There is, in my opinion, good sense in holding that the estoppel exists in the present case. It is clearly established in this State that findings in the Compensation Court may operate as an estoppel in a common law claim in this Court. It could not have been the intention of the legislature, in enacting s 14 as it did, to interfere with such a position or to achieve the result that GIO could not, standing in the shoes of its (insured) defendant, raise a similar estoppel. There appears no point in taking a different view of the effect of the provisions. No purpose will be served by doing so.
I am conscious that it has been said that estoppels are odious and that they should not be upheld unless they satisfy precisely the provisions of the law: see Baxendale v Bennett (1878) 3 QBD 525 at 529, per Bramwell LJ. But equally there is authority that estoppel, by res judicata and otherwise, performs a useful public function in reducing or putting an end to litigation and preventing an individual being vexed twice for the same cause: Lockyer v Ferryman (1877) 2 App Cas 519 at 530; see generally the Carl Zeiss Stiftung (No 2) litigation (at 909 et seq, 946). The mischief with which the new s 14 was to deal - the establishment of GIO as a general insurer - would not be furthered by destroying the previously available estoppel. The constitution of the then established statutory fund would not be forwarded. These matters are, I think, relevant in determining the effect which the legislature intended the amendments to s 14 to have.
For these reasons I am of opinion that the decision of Sharp J was correct. I would dismiss the appeal with costs.”
The requirement that the litigant, which was not formally a party in the concluded proceedings, must satisfy by showing it was bound, and was always going to be bound, whether the decision in the concluded proceedings was favourable or unfavourable to it, discussed in Carl Zeiss Stiftung v Rayner and Keeler Limited (No 3) (1970) Chancery 506 at 541 is, I think, clearly satisfied here.
As well as Stewart, there's a local example of an insurer permitted to take advantage of, or alternatively, be bound by an estoppel arising from earlier proceedings in which, unlike the later ones, it was not a party: see Webb v Davey (1982) Queensland Reports 356.
In this case both Judge McGill and the Court of Appeal accepted, and Judge McGill expressly stated - did the Court of Appeal state it?
MR MULLINS: My recollection is they did, your Honour, yes.
HIS HONOUR: That WorkCover would be obliged to satisfy the judgment.

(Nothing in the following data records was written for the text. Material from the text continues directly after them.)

(* Consider the closed-loop data-generating system $$y_t = G(q)S(q) r_t + H(q)S(q) e_t,\qquad u_t = S(q) r_t - K(q)H(q)S(q) e_t,$$ where $q^{-1}$ is the delay operator, $e_t$ is Gaussian white noise with variance $\lambda_e$, $r_t$ is a known external reference signal (with spectrum $\Phi_r$) uncorrelated with $e_t$, $K(q)$ is a stabilizing regulator, $S(q)=[1+K(q)G(q)]^{-1}$, and $$G(q)=\frac{L(q)}{\Gamma(q)F(q)},\qquad H(q)=\frac{C(q)}{\Gamma(q)D(q)},$$ with $L(q)=l_1q^{-1}+\dots+l_{m_l}q^{-m_l}$, $\Gamma(q)=1+\gamma_1q^{-1}+\dots+\gamma_{m_\gamma}q^{-m_\gamma}$, $F(q)=1+f_1q^{-1}+\dots+f_{m_f}q^{-m_f}$, $C(q)=1+c_1q^{-1}+\dots+c_{m_c}q^{-m_c}$, $D(q)=1+d_1q^{-1}+\dots+d_{m_d}q^{-m_d}$ ($m_l,m_\gamma,m_f,m_c,m_d$ finite positive integers). Assume $C(q)$ and $D(q)$ are stable polynomials, $F(q)$ has no roots on the unit circle, $F(q)$ and $D(q)$ are co-prime, and $H(q)$ is stable and inversely stable. Factor $F(q)=F_s(q)F_a(q)$, where $F_s$ and $F_a$ are monic polynomials in $q^{-1}$ containing, respectively, the roots of $F$ of magnitude less than one and the roots of $F$ of magnitude larger than one; if $p_1,\dots,p_{n_a}$ are the roots of $F$ of magnitude larger than one, let $F_a^*(q)=\prod_{k=1}^{n_a}(1-p_k^{-1}q^{-1})$. Consider the cost $$J=\mathbb{E}\left[A(q)y_t-B(q)u_t\right]^2$$ over infinite-order ARX polynomials $A(q)=1+\sum_{k=1}^\infty a_kq^{-k}$ and $B(q)=\sum_{k=1}^\infty b_kq^{-k}$. Then the minimizers of $J$ are $$\bar A(q)=\frac{1}{H(q)}\frac{F_a(q)}{F_a^*(q)}=\frac{\Gamma(q)D(q)}{C(q)}\frac{F_a(q)}{F_a^*(q)},\qquad \bar B(q)=\frac{1}{H(q)}\frac{L(q)}{\Gamma(q)F_s(q)F_a^*(q)}=\frac{D(q)}{C(q)}\frac{L(q)}{F_s(q)F_a^*(q)},$$ and the attained global minimum is $$J^\star=\left|\frac{F_a(e^{i\omega})}{F_a^*(e^{i\omega})}\right|^2\lambda_e.$$
   Context: A polynomial in $q^{-1}$ is called stable if all its roots (values of $q$ at which it vanishes) lie strictly inside the unit circle; a transfer function is stable (resp. inversely stable) if it (resp. its inverse) has all poles strictly inside the unit circle. Roots of magnitude larger than one are called anti-stable. *)

theory Defs
  imports "HOL-Analysis.Analysis" "HOL-Computational_Algebra.Computational_Algebra"
begin
(* Let $\gamma>0$ and let $K_{12}$ be the kernel of the Fourier multiplier $-\partial_{12}\Delta^{-1}\ln^{-\gamma}(e-\Delta)$ (i.e. the operator with symbol $-\frac{k_1k_2}{|k|^2}\ln^{-\gamma}(e+|k|^2)$). Then there is a constant $C>0$ depending only on $\gamma$ such that for all $x=(x_1,x_2)\in\mathbb{R}^2$ with $x_1>0$, $x_2>0$, $$K_{12}(x_1,x_2)\ge \frac{C x_1x_2}{|x|^4}\ln^{-\gamma}\Big(e+\frac1{|x|}\Big)e^{-|x|^2}.$$ *)

theory Defs
  imports "HOL-Analysis.Analysis"
begin

text \<open>Points of the plane are pairs of reals: x = (x1, x2).
  Fourier convention: f(x) = (2 pi)^(-2) int \<hat>f(k) e^(i k.x) dk, so that
  the derivative d/dx_j has symbol i k_j.\<close>

definition symb12 :: "real \<Rightarrow> real \<times> real \<Rightarrow> real" where
  "symb12 \<gamma> k = - (fst k * snd k) / (norm k)^2 * (ln (exp 1 + (norm k)^2)) powr (- \<gamma>)"

text \<open>Gaussian-regularised inverse Fourier transform of the symbol; the kernel
  at x is the limit of this as eps tends to 0+.\<close>
definition K12_reg :: "real \<Rightarrow> real \<Rightarrow> real \<times> real \<Rightarrow> complex" where
  "K12_reg \<gamma> \<epsilon> x = (1 / (2 * pi)^2) *
     (LINT k|lborel. complex_of_real (symb12 \<gamma> k * exp (- \<epsilon> * (norm k)^2))
                       * cis (k \<bullet> x))"

end

theory Submission
  imports Defs "HOL-Probability.Probability" "HOL-Real_Asymp.Real_Asymp"
begin

text \<open>
  Let \<open>T\<close> have law \<open>Gamma(\<gamma>, 1)\<close> and, given \<open>T\<close>, let \<open>S\<close> have law \<open>Gamma(T, e)\<close>. Then
  \<open>E exp (- \<lambda> S) = ln (e + \<lambda>) powr (- \<gamma>)\<close>, so with \<open>\<rho> = mix_cdf \<gamma>\<close> the distribution function of \<open>S\<close>,
  \<open>ln (e + \<lambda>) powr (- \<gamma>) / \<lambda> = \<integral>\<^sub>0\<^sup>\<infinity> \<rho>(u) exp (- \<lambda> u) du\<close>. Taking \<open>\<lambda> = |k|^2\<close>, the symbol becomes
  \<open>- k1 k2 \<integral>\<^sub>0\<^sup>\<infinity> \<rho>(u) exp (- u |k|^2) du\<close>, and by Fubini the regularised kernel is
  \<open>(2 pi)^(-2) \<integral>\<^sub>0\<^sup>\<infinity> \<rho>(u) H(x, u + \<epsilon>) du\<close>, where \<open>H(x, a) = heat_d12 x a = pi x1 x2 / (4 a^3) exp (- |x|^2 / (4 a))\<close>
  equals \<open>\<integral> - k1 k2 exp (- a |k|^2) exp (i k\<cdot>x) dk\<close>, a product of one-dimensional Gaussian
  integrals. \<open>H\<close> is positive in the first quadrant and dominated uniformly in \<open>\<epsilon>\<close>, which gives
  the limit \<open>\<epsilon> \<rightarrow> 0\<close>. For the lower bound only \<open>u \<in> [|x|^2, 2 |x|^2]\<close> is kept: there
  \<open>H(x, u) \<ge> c x1 x2 / |x|^6\<close>, and \<open>\<rho>(u) \<ge> P(T \<le> \<delta>, S \<le> u)\<close> with \<open>\<delta> = 1 / (2 ln (e + 1/u))\<close>:
  given \<open>T \<le> \<delta>\<close>, the event \<open>S \<le> min u 1\<close> has probability bounded below, while
  \<open>P(T \<le> \<delta>) \<ge> c \<delta>^\<gamma> \<ge> c ln (e + 1/|x|) powr (- \<gamma>)\<close>.
\<close>

lemma borel_measurable_cis [measurable]: "cis \<in> borel_measurable borel"
  by (intro borel_measurable_continuous_onI continuous_intros)

lemma borel_measurable_fst_real_pair [measurable]: "(fst :: real \<times> real \<Rightarrow> real) \<in> borel_measurable borel"
  by (intro borel_measurable_continuous_onI continuous_intros)

lemma borel_measurable_snd_real_pair [measurable]: "(snd :: real \<times> real \<Rightarrow> real) \<in> borel_measurable borel"
  by (intro borel_measurable_continuous_onI continuous_intros)

lemma borel_measurable_inner_left [measurable]: "(\<lambda>k::real \<times> real. k \<bullet> x) \<in> borel_measurable borel"
  by (intro borel_measurable_continuous_onI continuous_intros)

lemma normal_density_0_eq_gaussian:
  assumes "a > (0::real)"
  shows "normal_density 0 (1 / sqrt (2 * a)) x = sqrt (a / pi) * exp (- a * x\<^sup>2)"
  using assms by (simp add: normal_density_def real_sqrt_divide power_divide field_simps)
(* Let $d\in\mathbb N$ and let $\mathcal K$ be a Fraïssé class. Assume that the class of structures in $\mathcal K$ whose Ramsey degree for embeddings in $\mathcal K$ is at most $d$ is cofinal in $\mathcal K$. Then $|M(G_\mathcal K)|\le d$.
   Context: For structures $A,B$, $B^A$ is the set of embeddings of $A$ into $B$; $A\le B$ means $B^A\ne\emptyset$. A class $\mathcal D$ is cofinal in $\mathcal K$ if for every $A\in\mathcal K$ there is $B\in\mathcal D$ with $A\le B$. A Fraïssé class is a class of finite structures that is hereditary, has joint embedding and amalgamation, and contains arbitrarily large finite structures; $\mathrm{Flim}(\mathcal K)$ is its Fraïssé limit, $G_\mathcal K=\mathrm{Aut}(\mathrm{Flim}(\mathcal K))$ with pointwise convergence topology, and $M(G)$ is the universal minimal $G$-flow (flows are continuous actions on compact Hausdorff spaces). $C\hookrightarrow(B)^A_{k,d}$ means: for every $\chi:C^A\to\{0,\dots,k-1\}$ there is $b\in C^B$ with $|\chi(\{b\circ a:a\in B^A\})|\le d$; the Ramsey degree for embeddings of $A$ in $\mathcal K$ is the least $d$ such that for all $B\in\mathcal K$, $k\ge2$ there is $C\in\mathcal K$ with $C\hookrightarrow(B)^A_{k,d}$ ($\infty$ if none). *)

theory Defs
  imports "HOL-Analysis.Analysis" "HOL-Library.Extended_Nat"
begin

text \<open>A signature: arities of relation symbols (type 'r) and function symbols (type 'f).
Structures carry a universe, an interpretation of relation symbols and of function symbols.\<close>

type_synonym ('r,'f) signature = "('r \<Rightarrow> nat) \<times> ('f \<Rightarrow> nat)"

record ('a,'r,'f) struct =
  univ :: "'a set"
  rel  :: "'r \<Rightarrow> 'a list \<Rightarrow> bool"
  fns  :: "'f \<Rightarrow> 'a list \<Rightarrow> 'a"

definition closed_in_struct ::
  "('r,'f) signature \<Rightarrow> ('a,'r,'f) struct \<Rightarrow> 'a set \<Rightarrow> bool" where
  "closed_in_struct sig A T \<longleftrightarrow> T \<subseteq> univ A \<and>
     (\<forall>F xs. set xs \<subseteq> T \<and> length xs = snd sig F \<longrightarrow> fns A F xs \<in> T)"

Although it's hard to place the circumstances of this case in any of the categories discussed, for example in Halsbury - paragraph 1543 and following, I've concluded that there is an estoppel here, the basis of the earlier proceedings being that WorkCover would be bound by the outcome.
To the extent I'm a traditionalist, I prefer to base my conclusion that the present application should succeed on such an estoppel. If driven to express a view on the novel basis relied on by Mr Mullins I would say his client is entitled to success on that basis as well.

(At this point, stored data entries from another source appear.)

lemma bij_betw_digits:
  assumes "0 < dL"
  shows "bij_betw (digits dL n) {0..<dL ^ n} ({0..<n} \<rightarrow>\<^sub>E {0..<dL})"
proof -
  have inj: "inj_on (digits dL n) {0..<dL ^ n}"
  proof
    fix i k assume "i \<in> {0..<dL ^ n}" "k \<in> {0..<dL ^ n}" "digits dL n i = digits dL n k"
    then show "i = k"
      using digits_inj[of i dL n k] unfolding digits_def
      by (metis atLeastLessThan_iff restrict_apply' zero_le)
  qed
  have "digits dL n ` {0..<dL ^ n} \<subseteq> {0..<n} \<rightarrow>\<^sub>E {0..<dL}"
    using assms by (auto simp: digits_def digit_less)
  moreover have "card (digits dL n ` {0..<dL ^ n}) = card ({0..<n} \<rightarrow>\<^sub>E {0..<dL})"
    using inj by (simp add: card_image card_PiE)
  ultimately have "digits dL n ` {0..<dL ^ n} = {0..<n} \<rightarrow>\<^sub>E {0..<dL}"
    by (intro card_subset_eq) (auto simp: finite_PiE)
  then show ?thesis using inj by (simp add: bij_betw_def)
qed
lemma loose_proj_conv:
  assumes si: "sym_qual (As i) U (\<phi>s i)" and sj: "sym_qual (As j) U (\<phi>s j)"
    and r: "r \<in> na_carrier (As i)"
  shows "loose_proj As \<phi>s i j (na_conv (As i) r) = na_conv (As j) (loose_proj As \<phi>s i j r)"
proof -
  interpret I: sym_qual "As i" U "\<phi>s i" by fact
  interpret J: sym_qual "As j" U "\<phi>s j" by fact
  note closed = loose_proj_closed[where As = As and j = j, OF J.finite_boolean_alg_axioms]
  note proj_iff = atom_leq_loose_proj_iff[where As = As and j = j and i = i and \<phi>s = \<phi>s,
      OF J.finite_boolean_alg_axioms]
  show ?thesis
  proof (rule J.eq_by_atoms)
    fix c assume c: "c \<in> na_atoms (As j)"
    have cC: "c \<in> na_carrier (As j)" using c J.atomD by blast
    have conv_swap: "\<phi>s i (na_conv (As i) b) \<inter> \<phi>s j c \<noteq> {} \<longleftrightarrow>
        \<phi>s i b \<inter> \<phi>s j (na_conv (As j) c) \<noteq> {}" if "b \<in> na_atoms (As i)" for b
      using I.phi_conv[OF I.atomD(1)[OF that]] J.phi_conv[OF cC] by auto
    have "na_leq (As j) c (loose_proj As \<phi>s i j (na_conv (As i) r)) \<longleftrightarrow>
        (\<exists>b\<in>na_atoms (As i). na_leq (As i) b r \<and> \<phi>s i b \<inter> \<phi>s j (na_conv (As j) c) \<noteq> {})"
      unfolding proj_iff[OF c] I.ex_atom_below_conv_iff[OF r] using conv_swap by auto
    also have "\<dots> \<longleftrightarrow> na_leq (As j) (na_conv (As j) c) (loose_proj As \<phi>s i j r)"
      using proj_iff[OF J.conv_atom[OF c]] by simp
    also have "\<dots> \<longleftrightarrow> na_leq (As j) c (na_conv (As j) (loose_proj As \<phi>s i j r))"
      using J.conv_leq_iff[OF cC closed] .
    finally show "na_leq (As j) c (loose_proj As \<phi>s i j (na_conv (As i) r)) \<longleftrightarrow>
        na_leq (As j) c (na_conv (As j) (loose_proj As \<phi>s i j r))" .
  qed (simp_all add: closed)
qed
lemma disjoint_S_trees_le_degree:
  assumes G: "is_graph G" and vw: "v \<in> S" "w \<in> S" "v \<noteq> w"
    and T: "\<forall>i<k. S_tree G S (T i)"
    and disj: "\<forall>i<k. \<forall>j<k. i \<noteq> j \<longrightarrow> edges (T i) \<inter> edges (T j) = {}"
  shows "k \<le> degree G v"
proof -
  define f where "f i = (SOME e. e \<in> edges (T i) \<and> v \<in> e)" for i
  have f: "f i \<in> edges (T i) \<and> v \<in> f i" if "i < k" for i
  proof -
    have "\<exists>e. e \<in> edges (T i) \<and> v \<in> e" using S_tree_edge_at[OF _ vw] T that by blast
    then show ?thesis unfolding f_def by (rule someI_ex)
  qed
  have "inj_on f {..<k}"
  proof (rule inj_onI)
    fix i j assume ij: "i \<in> {..<k}" "j \<in> {..<k}" "f i = f j"
    then have "f i \<in> edges (T i) \<inter> edges (T j)" using f[of i] f[of j] by simp
    then show "i = j" using disj ij by blast
  qed
  moreover have "f ` {..<k} \<subseteq> {e \<in> edges G. v \<in> e}"
  proof
    fix e assume "e \<in> f ` {..<k}"
    then obtain i where i: "i < k" "e = f i" by auto
    then have "edges (T i) \<subseteq> edges G" using T by (simp add: S_tree_def subgraph_def)
    then show "e \<in> {e \<in> edges G. v \<in> e}" using f[OF i(1)] i(2) by auto
  qed
  moreover have "finite {e \<in> edges G. v \<in> e}" using finite_edges[OF G] by simp
  ultimately have "card {..<k} \<le> degree G v"
    unfolding degree_def by (rule card_inj_on_le)
  then show ?thesis by simp
qed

What's the order you want in consequence of that?
MR MULLINS: Your Honour, there has been no calculation of interest. Can we submit to your Honour's associate a form of order. If your Honour were prepared to order that judgment be given in respect of some claims plus - I have only claimed interest in the submissions. Interest is claimed in the statement of claim on all of the judgment. I don't think it's appropriate that we claim interest on the penalty, only the amount paid, and that's what my submissions set out. Can we submit to your Honour-----
HIS HONOUR: And from when, the date of the claim?
MR MULLINS: Date of the issue of proceedings.
HIS HONOUR: All right.
MR MULLINS: If your Honour orders that interest be paid on that basis we can submit to your associate a detailed-----
HIS HONOUR: All right. I'll do that.